*PROMPT*:
Repeat nothing but the line containing "3) \<le> fib" and the lines that follow it, up to and including the last line of the data below.

Data entries:
________________________
(* There is an absolute constant $K$ such that for every integer $n \ge 1$ and every integer $c$ with $0 \le c < n$, there is a deterministic finite automaton with at most $K n^2$ states (not counting a dead state) accepting the language $$L_{n,c} = \{ x \times y \in (\{0,1\}\times\{0,1\})^* : x, y \text{ valid Fibonacci representations of equal length},\ [y] = n[x] + c \},$$ read most significant digit first.
   Context: Fibonacci numbers: $F_0=0$, $F_1=1$, $F_k=F_{k-1}+F_{k-2}$. For a binary word $x = x_1\cdots x_\ell$, $[x] = \sum_{j=1}^{\ell} x_j F_{\ell-j+2}$. A valid Fibonacci representation is a binary word with no factor $11$; leading zeros allowed. For words $x,y$ of equal length, $x\times y$ is the word over $\{0,1\}^2$ with first component $x$ and second component $y$. *)

theory Defs
  imports Main "HOL-Number_Theory.Fib"
begin

text \<open>Value of a binary word, most significant digit first:
  [x] = sum_{j=1}^{l} x_j F_{l-j+2}; with 0-based index i = j-1 the weight is F_{l-i+1}.\<close>
definition fibval :: "bool list \<Rightarrow> nat" where
  "fibval x = (\<Sum>i<length x. (if x ! i then fib (length x - i + 1) else 0))"

definition valid_fib :: "bool list \<Rightarrow> bool" where
  "valid_fib x \<longleftrightarrow> (\<forall>i. Suc i < length x \<longrightarrow> \<not> (x ! i \<and> x ! Suc i))"

text \<open>The language L_{n,c}: words over {0,1} x {0,1}; the first components form x,
  the second components form y (automatically of equal length).\<close>
definition L :: "nat \<Rightarrow> nat \<Rightarrow> (bool \<times> bool) list set" where
  "L n c = {w. valid_fib (map fst w) \<and> valid_fib (map snd w) \<and>
               fibval (map snd w) = n * fibval (map fst w) + c}"

text \<open>Deterministic finite automata with a partial transition function; an undefined
  transition (None) represents the implicit dead state, which is not counted in Q.\<close>
fun delta_star :: "('q \<Rightarrow> 'a \<Rightarrow> 'q option) \<Rightarrow> 'q \<Rightarrow> 'a list \<Rightarrow> 'q option" where
  "delta_star \<delta> q [] = Some q"
| "delta_star \<delta> q (a # w) = (case \<delta> q a of None \<Rightarrow> None | Some q' \<Rightarrow> delta_star \<delta> q' w)"

definition is_dfa :: "'q set \<Rightarrow> 'q \<Rightarrow> ('q \<Rightarrow> 'a \<Rightarrow> 'q option) \<Rightarrow> 'q set \<Rightarrow> bool" where
  "is_dfa Q q0 \<delta> F \<longleftrightarrow> finite Q \<and> q0 \<in> Q \<and> F \<subseteq> Q \<and>
     (\<forall>q\<in>Q. \<forall>a q'. \<delta> q a = Some q' \<longrightarrow> q' \<in> Q)"

definition dfa_lang :: "'q \<Rightarrow> ('q \<Rightarrow> 'a \<Rightarrow> 'q option) \<Rightarrow> 'q set \<Rightarrow> 'a list set" where
  "dfa_lang q0 \<delta> F = {w. \<exists>q. delta_star \<delta> q0 w = Some q \<and> q \<in> F}"

end

theory Submission
  imports Defs "HOL-Library.Countable" "HOL-Library.Sublist"
begin

text \<open>
  After reading a prefix \<open>u\<close>, everything that matters about it is the pair of gaps
  \<open>a = [y] - n[x]\<close> and \<open>b = [y]' - n[x]'\<close>, where \<open>[-]'\<close> shifts all weights down by
  one, together with the last letter: for a suffix \<open>z\<close> of length \<open>m\<close> the whole word has
  gap \<open>a F(m+1) + b F(m) + (gap of z)\<close>.  Reading a letter maps \<open>(a, b)\<close> to
  \<open>(a + b + t, a + t)\<close> with \<open>|t| \<le> n\<close>, which turns \<open>a - \<phi> b\<close> into
  \<open>(1 - \<phi>)(a - \<phi> b + t)\<close> for the golden ratio \<open>\<phi>\<close>; as \<open>|1 - \<phi>| < 2/3\<close>, always
  \<open>|a - \<phi> b| \<le> 2n\<close>.  If \<open>u\<close> can be
  completed to a word of \<open>L n c\<close>, the bound \<open>[z] < F(m+2)\<close> for valid \<open>z\<close> gives
  \<open>|a F(m+1) + b F(m)| \<le> 2n F(m+2)\<close>, and the two estimates confine \<open>(a, b)\<close> to
  \<open>[-10n, 10n] \<times> [-4n, 4n]\<close>.  The automaton tracks the gaps and the last letter and
  dies when it leaves this box.
\<close>

lemma valid_fib_Nil [simp]: "valid_fib []"
  by (simp add: valid_fib_def)

lemma valid_fib_singleton [simp]: "valid_fib [d]"
  by (simp add: valid_fib_def)

lemma valid_fib_Cons_Cons [simp]:
  "valid_fib (d # e # x) \<longleftrightarrow> \<not> (d \<and> e) \<and> valid_fib (e # x)"
  unfolding valid_fib_def
proof (intro iffI conjI allI impI)
  fix i
  assume "\<forall>i. Suc i < length (d # e # x) \<longrightarrow> \<not> ((d # e # x) ! i \<and> (d # e # x) ! Suc i)"
  from this[rule_format, of 0] this[rule_format, of "Suc i"]
  show "\<not> (d \<and> e)" and "Suc i < length (e # x) \<Longrightarrow> \<not> ((e # x) ! i \<and> (e # x) ! Suc i)"
    by auto
next
  fix i
  assume "\<not> (d \<and> e) \<and> (\<forall>i. Suc i < length (e # x) \<longrightarrow> \<not> ((e # x) ! i \<and> (e # x) ! Suc i))"
    and "Suc i < length (d # e # x)"
  then show "\<not> ((d # e # x) ! i \<and> (d # e # x) ! Suc i)"
    by (cases i) auto
qed

lemma valid_fib_snoc: "valid_fib (x @ [d]) \<longleftrightarrow> valid_fib x \<and> \<not> (last (False # x) \<and> d)"
  by (induction x rule: induct_list012) auto

lemma valid_fib_appendD: "valid_fib (x @ z) \<Longrightarrow> valid_fib z"
  unfolding valid_fib_def
proof (intro allI impI)
  fix i
  assume "\<forall>i. Suc i < length (x @ z) \<longrightarrow> \<not> ((x @ z) ! i \<and> (x @ z) ! Suc i)"
    and "Suc i < length z"
  from this(1)[rule_format, of "length x + i"] this(2)
  show "\<not> (z ! i \<and> z ! Suc i)"
    by (simp add: nth_append)
qed

definition fibval_shift :: "bool list \<Rightarrow> nat" where
  "fibval_shift x = (\<Sum>i<length x. if x ! i then fib (length x - i) else 0)"

lemma fibval_Nil [simp]: "fibval [] = 0"
  by (simp add: fibval_def)

lemma fibval_shift_Nil [simp]: "fibval_shift [] = 0"
  by (simp add: fibval_shift_def)

lemma fibval_snoc: "fibval (x @ [d]) = fibval x + fibval_shift x + of_bool d"
proof -
  have "fibval (x @ [d])
      = (\<Sum>i<length x. if x ! i then fib (length x - i + 2) else 0) + of_bool d"
    unfolding fibval_def length_append_singleton sum.lessThan_Suc
    by (auto simp: nth_append Suc_diff_le intro!: sum.cong)
  also have "(\<Sum>i<length x. if x ! i then fib (length x - i + 2) else 0)
      = (\<Sum>i<length x. (if x ! i then fib (length x - i + 1) else 0)
                      + (if x ! i then fib (length x - i) else 0))"
    by (rule sum.cong) (simp_all add: fib_plus_2)
  finally show ?thesis
    unfolding fibval_def fibval_shift_def by (simp add: sum.distrib)
qed

lemma fibval_shift_snoc: "fibval_shift (x @ [d]) = fibval x + of_bool d"
  unfolding fibval_def fibval_shift_def length_append_singleton sum.lessThan_Suc
  by (auto simp: nth_append Suc_diff_le intro!: sum.cong)

lemma fibval_Cons: "fibval (d # z) = of_bool d * fib (length z + 2) + fibval z"
  unfolding fibval_def length_Cons sum.lessThan_Suc_shift by (auto intro!: sum.cong)

lemma fibval_append:
  "fibval (x @ z) = fibval x * fib (length z + 1) + fibval_shift x * fib (length z) + fibval z"
proof (induction z arbitrary: x)
  case Nil
  then show ?case by simp
next
  case (Cons d z)
  have "fibval (x @ d # z) = fibval ((x @ [d]) @ z)"
    by simp
  also have "\<dots> = fibval (x @ [d]) * fib (length z + 1) + fibval_shift (x @ [d]) * fib (length z)
      + fibval z"
    by (rule Cons.IH)
  also have "\<dots> = fibval x * fib (length (d # z) + 1) + fibval_shift x * fib (length (d # z))
      + fibval (d # z)"
    by (simp add: fibval_snoc fibval_shift_snoc fibval_Cons fib_plus_2 algebra_simps)
  finally show ?case .
qed

lemma fibval_less_fib: "valid_fib z \<Longrightarrow> fibval z < fib (length z + 2)"
proof (induction z rule: induct_list012)
  case 1
  then show ?case by simp
next
  case (2 d)
  then show ?case by (simp add: fibval_Cons numeral_3_eq_3)
next
  case (3 d e z)
  have ih: "fibval (e # z) < fib (length z + 3)"
    using "3.IH"(2) "3.prems" by (simp add: numeral_3_eq_3)
  show ?case
  proof (cases d)
    case True
    have "valid_fib z"
      using valid_fib_appendD[of "[d, e]" z] "3.prems" by simp
    with True "3.IH"(1) "3.prems" have "\<not> e" and "fibval z < fib (length z + 2)"
      by auto
    with True show ?thesis
      by (simp add: fibval_Cons fib_plus_2[of "length z + 2"])
  next
    case False
    have "fib (length z + 3) \<le> fib (length z + 4)"
      by (rule fib_mono) simp
    moreover have "fibval (d # e # z) = fibval (e # z)"
      using False fibval_Cons[of d "e # z"] by simp
    moreover have "length (d # e # z) + 2 = length z + 4"
      by simp
    ultimately show ?thesis
      using ih by (metis order_less_le_trans)
  qed
qed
________________________
*WORKED SOLUTION*:
    have "fib (length z + 3) \<le> fib (length z + 4)"
      by (rule fib_mono) simp
    moreover have "fibval (d # e # z) = fibval (e # z)"
      using False fibval_Cons[of d "e # z"] by simp
    moreover have "length (d # e # z) + 2 = length z + 4"
      by simp
    ultimately show ?thesis
      using ih by (metis order_less_le_trans)
  qed
qed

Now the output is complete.